PROMPT:
Transcribe the lines from the start of the data below through the line with "(* Let $F$ be", word for word and nothing more.

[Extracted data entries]
* * * *

lemma gauss_integral_diag_fA:
  assumes "finite A" "a \<in> A"
  shows "gauss_integral t A (gmul (psibar_psi a a) (fA lam A)) = 1"
proof -
  have "gauss_integral t A (gmul (psibar_psi a a) (tau (A - {i}))) = (if i = a then 1 else 0)"
    if "i \<in> A" for i
  proof (cases "i = a")
    case True
    thus ?thesis using tau_remove[OF assms, symmetric] gauss_integral_tau[OF assms(1)] by simp
  next
    case False
    thus ?thesis using assms psibar_psi_tau_mem[of "A - {i}" a] by simp
  qed
  moreover have "gauss_integral t A (gmul (psibar_psi a a) (gmul (psibar_psi i j) (tau (A - {i, j})))) = 0"
    if "j \<in> A - {i}" for i j
    using that assms(1) by (intro gauss_integral_neutral_gmul_charged charge_psibar_psi_diag) auto
  ultimately show ?thesis
    using assms by (simp add: gauss_integral_gmul_fA psibar_psi_tau_mem)
qed
(* Let $F$ be a field of characteristic $0$, $n\ge 2$, $i=\lfloor n/2\rfloor$, $j=\lfloor (n-1)/2\rfloor$. Let $I\subseteq F[x_1,\dots,x_n]$ be the ideal generated by $x_{\ell+i}+x_\ell$ for $\ell=1,\dots,i$, together with $x_n$ if $n$ is odd. Then for every integer $k\ge 0$, $$r_{(n,2k+2j+1)}-\frac{2k+2j+1}{2j+1}\,h_{(i,k)}(x_1^2,\dots,x_i^2)\in I,$$ where $h_{(i,k)}$ is the complete homogeneous symmetric polynomial of degree $k$ in $i$ variables.
   Context: $p_k=x_1^k+\dots+x_n^k$. $S_n$ is the algebra of symmetric polynomials in $F[x_1,\dots,x_n]$. For $f\in S_n$, $\mathrm{Repr}(f)\in F[y_1,\dots,y_n]$ denotes the unique polynomial with $f=\mathrm{Repr}(f)(p_1,\dots,p_n)$. Regard $\mathrm{Repr}(f)$ as a polynomial in $y_1,y_3,\dots,y_{2j+1}$ with coefficients in $F[y_2,y_4,\dots,y_{2i}]$. For nonnegative integers $(c_1,c_3,\dots,c_{2j+1})$, let $g$ be the coefficient of $y_1^{c_1}y_3^{c_3}\cdots y_{2j+1}^{c_{2j+1}}$; the multiplier of $f$ at $(c_1,\dots,c_{2j+1})$ is $g(p_2,p_4,\dots,p_{2i})$. For $k\ge 2j+1$, $r_{(n,k)}$ is the multiplier of $p_k$ at $(0,\dots,0,1)$. *)

theory Defs
  imports "HOL-Library.Poly_Mapping"
begin

text \<open>Multivariate polynomials over a coefficient ring 'a in variables indexed by nat,
  represented as finitely supported maps from monomials (exponent vectors) to coefficients.
  Variables x_1,...,x_n (resp. y_1,...,y_n) are those with index in {1..n}.\<close>

type_synonym 'a mpoly = "(nat \<Rightarrow>\<^sub>0 nat) \<Rightarrow>\<^sub>0 'a"

definition Var :: "nat \<Rightarrow> 'a::comm_semiring_1 mpoly" where
  "Var v = Poly_Mapping.single (Poly_Mapping.single v 1) 1"

definition Const :: "'a::comm_semiring_1 \<Rightarrow> 'a mpoly" where
  "Const c = Poly_Mapping.single 0 c"

definition vars :: "'a::zero mpoly \<Rightarrow> nat set" where
  "vars p = \<Union> (Poly_Mapping.keys ` Poly_Mapping.keys p)"

definition subst :: "(nat \<Rightarrow> 'a::comm_semiring_1 mpoly) \<Rightarrow> 'a mpoly \<Rightarrow> 'a mpoly" where
  "subst a p = (\<Sum>m\<in>Poly_Mapping.keys p.
      Const (Poly_Mapping.lookup p m) * (\<Prod>v\<in>Poly_Mapping.keys m. a v ^ Poly_Mapping.lookup m v))"

definition power_sum :: "nat \<Rightarrow> nat \<Rightarrow> 'a::comm_semiring_1 mpoly" where
  "power_sum n k = (\<Sum>l=1..n. Var l ^ k)"

definition Repr :: "nat \<Rightarrow> 'a::comm_semiring_1 mpoly \<Rightarrow> 'a mpoly" where
  "Repr n f = (THE q. vars q \<subseteq> {1..n} \<and> subst (power_sum n) q = f)"

text \<open>Coefficient of y_1^{c_1} y_3^{c_3} ... y_{2j+1}^{c_{2j+1}} in Repr(f), viewed as a polynomial
  in the odd variables y_1,y_3,...,y_{2j+1} (j = (n-1) div 2) with coefficients in F[y_2,...,y_{2i}].
  The exponents are given by c at odd indices.\<close>
definition odd_coeff :: "nat \<Rightarrow> 'a::comm_semiring_1 mpoly \<Rightarrow> (nat \<Rightarrow> nat) \<Rightarrow> 'a mpoly" where
  "odd_coeff n f c = (\<Sum>m\<in>{m\<in>Poly_Mapping.keys (Repr n f).
        \<forall>q. odd q \<and> q \<le> 2 * ((n - 1) div 2) + 1 \<longrightarrow> Poly_Mapping.lookup m q = c q}.
      Const (Poly_Mapping.lookup (Repr n f) m) *
        (\<Prod>e\<in>{e\<in>Poly_Mapping.keys m. even e}. Var e ^ Poly_Mapping.lookup m e))"

definition multiplier :: "nat \<Rightarrow> 'a::comm_semiring_1 mpoly \<Rightarrow> (nat \<Rightarrow> nat) \<Rightarrow> 'a mpoly" where
  "multiplier n f c = subst (power_sum n) (odd_coeff n f c)"

definition r :: "nat \<Rightarrow> nat \<Rightarrow> 'a::comm_semiring_1 mpoly" where
  "r n k = multiplier n (power_sum n k) (\<lambda>q. if q = 2 * ((n - 1) div 2) + 1 then 1 else 0)"

definition complete_hom :: "nat \<Rightarrow> nat \<Rightarrow> 'a::comm_semiring_1 mpoly" where
  "complete_hom i k = (\<Sum>m\<in>{m :: nat \<Rightarrow>\<^sub>0 nat. Poly_Mapping.keys m \<subseteq> {1..i} \<and>
        (\<Sum>v\<in>Poly_Mapping.keys m. Poly_Mapping.lookup m v) = k}.
      Poly_Mapping.single m 1)"

definition ideal_gen :: "nat \<Rightarrow> 'a::comm_semiring_1 mpoly set \<Rightarrow> 'a mpoly set" where
  "ideal_gen n G = {f. \<exists>c. (\<forall>g\<in>G. vars (c g) \<subseteq> {1..n}) \<and> f = (\<Sum>g\<in>G. c g * g)}"

definition I_gens :: "nat \<Rightarrow> 'a::comm_semiring_1 mpoly set" where
  "I_gens n = (\<lambda>l. Var (l + n div 2) + Var l) ` {1..n div 2} \<union> (if odd n then {Var n} else {})"

end

(*
  Substituting x_{l+i} := -x_l and x_n := 0 is the identity modulo I, so it suffices to show that
  the two polynomials agree at every mirrored point b = (a, -a, 0). There all odd power sums
  vanish, so r_{(n,N)}(b) is the partial derivative of Repr(p_N) in y_{2j+1}, taken at
  (p_1(b), ..., p_n(b)). Differentiating p_N = Repr(p_N)(p_1, ..., p_n) in each coordinate b_l
  gives the Vandermonde system  sum_m m (d_m Repr(p_N)) b_l^(m-1) = N b_l^(N-1),  whose solution is
  read off from the polynomial of degree < n interpolating N y^(N-1) at the b_l; by Newton
  interpolation in y^2 its coefficients are complete homogeneous polynomials in the a_l^2.
  That Repr(p_N) is well defined rests on the algebraic independence of p_1, ..., p_n, proved by
  the same Jacobian argument and induction on the degree.
*)

theory Submission
  imports Defs "HOL-Computational_Algebra.Polynomial"
begin

abbreviation keys :: "('a \<Rightarrow>\<^sub>0 'b::zero) \<Rightarrow> 'a set" where "keys \<equiv> Poly_Mapping.keys"
abbreviation lookup :: "('a \<Rightarrow>\<^sub>0 'b::zero) \<Rightarrow> 'a \<Rightarrow> 'b" where "lookup \<equiv> Poly_Mapping.lookup"
abbreviation single :: "'a \<Rightarrow> 'b \<Rightarrow> 'a \<Rightarrow>\<^sub>0 'b::zero" where "single \<equiv> Poly_Mapping.single"

definition mpow :: "(nat \<Rightarrow> 'b::comm_semiring_1) \<Rightarrow> (nat \<Rightarrow>\<^sub>0 nat) \<Rightarrow> 'b" where
  "mpow a m = (\<Prod>v\<in>keys m. a v ^ lookup m v)"

definition eval_map :: "('a::zero \<Rightarrow> 'b::comm_semiring_1) \<Rightarrow> (nat \<Rightarrow> 'b) \<Rightarrow> 'a mpoly \<Rightarrow> 'b" where
  "eval_map h a p = (\<Sum>m\<in>keys p. h (lookup p m) * mpow a m)"

abbreviation eval :: "(nat \<Rightarrow> 'a::comm_semiring_1) \<Rightarrow> 'a mpoly \<Rightarrow> 'a" where
  "eval \<equiv> eval_map (\<lambda>c. c)"

abbreviation eval_curve :: "(nat \<Rightarrow> 'a::comm_semiring_1 poly) \<Rightarrow> 'a mpoly \<Rightarrow> 'a poly" where
  "eval_curve \<equiv> eval_map (\<lambda>c. [:c:])"

lemma mpow_superset:
  assumes "finite S" "keys m \<subseteq> S"
  shows "mpow a m = (\<Prod>v\<in>S. a v ^ lookup m v)"
  unfolding mpow_def
  by (rule prod.mono_neutral_left) (use assms in \<open>auto simp: in_keys_iff\<close>)

lemma mpow_zero [simp]: "mpow a 0 = 1"
  by (simp add: mpow_def)

lemma mpow_add: "mpow a (m + m') = mpow a m * mpow a m'"
proof -
  let ?S = "keys m \<union> keys m'"
  have "mpow a (m + m') = (\<Prod>v\<in>?S. a v ^ lookup (m + m') v)"
    by (rule mpow_superset) (use keys_add[of m m'] in auto)
  also have "\<dots> = (\<Prod>v\<in>?S. a v ^ lookup m v) * (\<Prod>v\<in>?S. a v ^ lookup m' v)"
    by (simp add: lookup_add power_add prod.distrib)
  finally show ?thesis
    by (simp add: mpow_superset[symmetric])
qed

lemma mpow_single [simp]: "mpow a (single v k) = a v ^ k"
  by (simp add: mpow_def)

lemma mpow_cong: "(\<And>v. v \<in> keys m \<Longrightarrow> a v = b v) \<Longrightarrow> mpow a m = mpow b m"
  unfolding mpow_def by (rule prod.cong) auto

lemma mpow_eq_0:
  assumes "v \<in> keys m" "a v = 0"
  shows "mpow a m = (0::'a::comm_semiring_1)"
  unfolding mpow_def using assms by (intro prod_zero bexI[of _ v]) (auto simp: in_keys_iff power_0_left)

lemma const_poly_prod: "[:prod f S:] = (\<Prod>i\<in>S. [:f i:])"
  by (induction S rule: infinite_finite_induct) (simp_all add: mult.commute flip: mult_to_poly)

lemma mpow_const_poly: "mpow (\<lambda>v. [:a v:]) m = [:mpow a m:]"
  by (simp add: mpow_def const_poly_prod poly_const_pow)

lemma poly_mpow: "poly (mpow B m) t = mpow (\<lambda>v. poly (B v) t) m"
  by (simp add: mpow_def poly_prod)
lemma recursively_labelled_shift_down:
  assumes "recursively_labelled T" "\<forall>y\<in>label_union T. d \<le> y"
  shows "recursively_labelled (relab (\<lambda>y. y - d) T)"
proof (rule recursively_labelled_relab[OF assms(1)])
  fix A assume "A \<subseteq> label_union T" "is_interval A"
  then obtain a b where A: "A = {a..b}" and "a \<le> b \<longrightarrow> d \<le> a"
    using assms(2) unfolding is_interval_def by fastforce
  then show "is_interval ((\<lambda>y. y - d) ` A)"
    by (cases "a \<le> b") (simp_all add: image_minus_const_atLeastAtMost_nat)
qed

section \<open>Grafting\<close>

lemma graft_unchanged: "x \<notin> label_union S \<Longrightarrow> graft x T2 S = S"
proof (induction S)
  case (Node L cs)
  then have "image_mset (graft x T2) cs = image_mset id cs"
    by (intro image_mset_cong) auto
  moreover have "Node {x} {#} \<notin># cs" using Node.prems by force
  ultimately show ?case using Node.prems by simp
qed

lemma graft_mset_unchanged:
  "\<forall>d\<in>#cs. x \<notin> label_union d \<Longrightarrow> image_mset (graft x T2) cs = cs"
  using graft_unchanged image_mset_cong[of cs "graft x T2" id] by simp

lemma graft_into_child:
  assumes "x \<notin> L" "\<not> (red T2 \<and> Node {x} {#} \<in># cs)" "cs = add_mset c rest"
    and "\<forall>d\<in>#rest. x \<notin> label_union d"
  shows "graft x T2 (Node L cs) = Node L (add_mset (graft x T2 c) rest)"
proof -
  have "graft x T2 (Node L cs) = Node L (image_mset (graft x T2) cs)" using assms(1,2) by auto
  also have "\<dots> = Node L (add_mset (graft x T2 c) rest)"
    using assms(3) graft_mset_unchanged[OF assms(4)] by simp
  finally show ?thesis .
qed

lemma wf_rwt_graft: "wf_rwt S \<Longrightarrow> wf_rwt T2 \<Longrightarrow> wf_rwt (graft x T2 S)"
proof (induction S)
  case (Node L cs)
  obtain L2 cs2 where T2: "T2 = Node L2 cs2" by (cases T2)
  show ?case
  proof (cases "x \<in> L")
    case True
    with Node.prems T2 show ?thesis
      by (cases "red T2"; cases "L - {x} = {}"; cases cs) (auto simp: add_increasing)
  next
    case xL: False
    show ?thesis
    proof (cases "red T2 \<and> Node {x} {#} \<in># cs")
      case True
      then obtain rest where "cs = add_mset (Node {x} {#}) rest" by (blast dest: multi_member_split)
      moreover have "size cs2 \<ge> 2" using Node.prems(2) True T2 by simp
      ultimately show ?thesis using Node.prems xL True T2 by auto
    next
      case False
      with Node xL show ?thesis by auto
    qed
  qed
qed

lemma label_mset_graft:
  assumes "wf_rwt S" "wf_rwt T2" "count (label_mset S) x = 1"
    and "label_union S \<inter> label_union T2 \<subseteq> {x}"
  shows "label_mset (graft x T2 S) = label_mset S - {#x#} + label_mset T2"
  using assms
proof (induction S)
  case (Node L cs)
  obtain L2 cs2 where T2: "T2 = Node L2 cs2" by (cases T2)
  have fin: "finite L" "finite L2" using Node.prems T2 by auto
  show ?case
  proof (cases "x \<in> L")
    case True
    have LM: "label_mset (Node L cs) - {#x#} = mset_set (L - {x}) + \<Sum>\<^sub># (image_mset label_mset cs)"
      using True fin by (simp add: mset_set.remove)
    have "(L - {x}) \<inter> L2 = {}" using Node.prems(4) T2 by auto
    with True T2 fin show ?thesis
      unfolding LM by (cases "red T2"; cases "L = {x} \<and> cs = {#}") (auto simp: mset_set_Union)
  next
    case xL: False
    show ?thesis
    proof (cases "red T2 \<and> Node {x} {#} \<in># cs")
      case True
      then obtain rest where "cs = add_mset (Node {x} {#}) rest" by (blast dest: multi_member_split)
      with True xL T2 show ?thesis by simp
    next
      case False
      obtain c rest where cs: "cs = add_mset c rest" and c1: "count (label_mset c) x = 1"
        and avoid: "\<forall>d\<in>#rest. x \<notin> label_union d"
        using Node.prems(1,3) xL by (rule obtain_child_with_single_label)
      have "c \<in># cs" using cs by simp
      then have IH: "label_mset (graft x T2 c) = label_mset c - {#x#} + label_mset T2"
        using Node.IH Node.prems c1 by auto
      obtain M where "label_mset c = add_mset x M"
        using c1 by (metis count_inI multi_member_split zero_neq_one)
      with graft_into_child[OF xL False cs avoid] cs IH show ?thesis by simp
    qed
  qed
qed

lemma label_union_graft:
  assumes "wf_rwt S" "wf_rwt T2" "count (label_mset S) x = 1"
    and "label_union S \<inter> label_union T2 \<subseteq> {x}"
  shows "label_union (graft x T2 S) = (label_union S - {x}) \<union> label_union T2"
proof -
  obtain M where "label_mset S = add_mset x M"
    using assms(3) by (metis count_inI multi_member_split zero_neq_one)
  with assms(3) have "set_mset (label_mset S - {#x#}) = set_mset (label_mset S) - {x}"
    by (auto simp: count_eq_zero_iff)
  then show ?thesis
    using assms label_mset_graft[OF assms] wf_rwt_graft[OF assms(1,2)]
    by (simp add: label_union_eq_set_label_mset)
qed

definition intervals_after_subst :: "nat \<Rightarrow> nat set \<Rightarrow> rwt \<Rightarrow> bool" where
  "intervals_after_subst x U T \<longleftrightarrow> (\<forall>S \<in> subtrees T.
     is_interval (if x \<in> label_union S then (label_union S - {x}) \<union> U else label_union S))"

lemma intervals_after_subst_Node:
  "intervals_after_subst x U (Node L cs) \<longleftrightarrow>
     is_interval (if x \<in> label_union (Node L cs) then (label_union (Node L cs) - {x}) \<union> U
                  else label_union (Node L cs)) \<and>
     (\<forall>c\<in>#cs. intervals_after_subst x U c)"
  unfolding intervals_after_subst_def by (auto simp del: label_union.simps)

lemma recursively_labelled_if_intervals_after_subst:
  "x \<notin> label_union T \<Longrightarrow> intervals_after_subst x U T \<Longrightarrow> recursively_labelled T"
  by (induction T) (auto simp: intervals_after_subst_Node)

lemma recursively_labelled_graft:
  assumes "wf_rwt S" "wf_rwt T2" "recursively_labelled T2" "count (label_mset S) x = 1"
    and "label_union S \<inter> label_union T2 \<subseteq> {x}" "intervals_after_subst x (label_union T2) S"
  shows "recursively_labelled (graft x T2 S)"
  using assms
proof (induction S)
  case (Node L cs)
  obtain L2 cs2 where T2: "T2 = Node L2 cs2" by (cases T2)
  have x: "x \<in> label_union (Node L cs)" using Node.prems(1,4) by (rule mem_label_union_if_count)
  have "is_interval (label_union (graft x T2 (Node L cs)))"
    unfolding label_union_graft[OF Node.prems(1,2,4,5)]
    using Node.prems(6) x by (simp add: intervals_after_subst_Node del: label_union.simps)
  moreover have rl_cs2: "\<forall>c\<in>#cs2. recursively_labelled c" using Node.prems(3) T2 by simp
  have rl_avoiding: "recursively_labelled c" if "c \<in># cs" "x \<notin> label_union c" for c
    using that Node.prems(6) recursively_labelled_if_intervals_after_subst
    by (auto simp: intervals_after_subst_Node)
  have "\<forall>c\<in>#root_children (graft x T2 (Node L cs)). recursively_labelled c"
  proof (cases "x \<in> L")
    case True
    note avoid = label_in_root_not_in_children[OF Node.prems(1,4) True]
    with True rl_cs2 rl_avoiding Node.prems(3) T2 show ?thesis by auto
  next
    case xL: False
    show ?thesis
    proof (cases "red T2 \<and> Node {x} {#} \<in># cs")
      case True
      then obtain rest where cs: "cs = add_mset (Node {x} {#}) rest"
        by (blast dest: multi_member_split)
      note avoid = label_in_child_not_elsewhere(3)[OF Node.prems(1,4) cs]
      with True xL cs rl_cs2 rl_avoiding T2 show ?thesis by auto
    next
      case False
      obtain c rest where cs: "cs = add_mset c rest" and c1: "count (label_mset c) x = 1"
        and avoid: "\<forall>d\<in>#rest. x \<notin> label_union d"
        using Node.prems(1,4) xL by (rule obtain_child_with_single_label)
      have "c \<in># cs" using cs by simp
      with Node.IH Node.prems c1 have "recursively_labelled (graft x T2 c)"
        by (auto simp: intervals_after_subst_Node)
      with graft_into_child[OF xL False cs avoid] cs avoid rl_avoiding show ?thesis by auto
    qed
  qed
  ultimately show ?case using recursively_labelled_iff by blast
qed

* * * *

FINISHED EXERCISE:
lemma gauss_integral_diag_fA:
  assumes "finite A" "a \<in> A"
  shows "gauss_integral t A (gmul (psibar_psi a a) (fA lam A)) = 1"
proof -
  have "gauss_integral t A (gmul (psibar_psi a a) (tau (A - {i}))) = (if i = a then 1 else 0)"
    if "i \<in> A" for i
  proof (cases "i = a")
    case True
    thus ?thesis using tau_remove[OF assms, symmetric] gauss_integral_tau[OF assms(1)] by simp
  next
    case False
    thus ?thesis using assms psibar_psi_tau_mem[of "A - {i}" a] by simp
  qed
  moreover have "gauss_integral t A (gmul (psibar_psi a a) (gmul (psibar_psi i j) (tau (A - {i, j})))) = 0"
    if "j \<in> A - {i}" for i j
    using that assms(1) by (intro gauss_integral_neutral_gmul_charged charge_psibar_psi_diag) auto
  ultimately show ?thesis
    using assms by (simp add: gauss_integral_gmul_fA psibar_psi_tau_mem)
qed
(* Let $F$ be a field of characteristic $0$, $n\ge 2$, $i=\lfloor n/2\rfloor$, $j=\lfloor (n-1)/2\rfloor$. Let $I\subseteq F[x_1,\dots,x_n]$ be the ideal generated by $x_{\ell+i}+x_\ell$ for $\ell=1,\dots,i$, together with $x_n$ if $n$ is odd. Then for every integer $k\ge 0$, $$r_{(n,2k+2j+1)}-\frac{2k+2j+1}{2j+1}\,h_{(i,k)}(x_1^2,\dots,x_i^2)\in I,$$ where $h_{(i,k)}$ is the complete homogeneous symmetric polynomial of degree $k$ in $i$ variables.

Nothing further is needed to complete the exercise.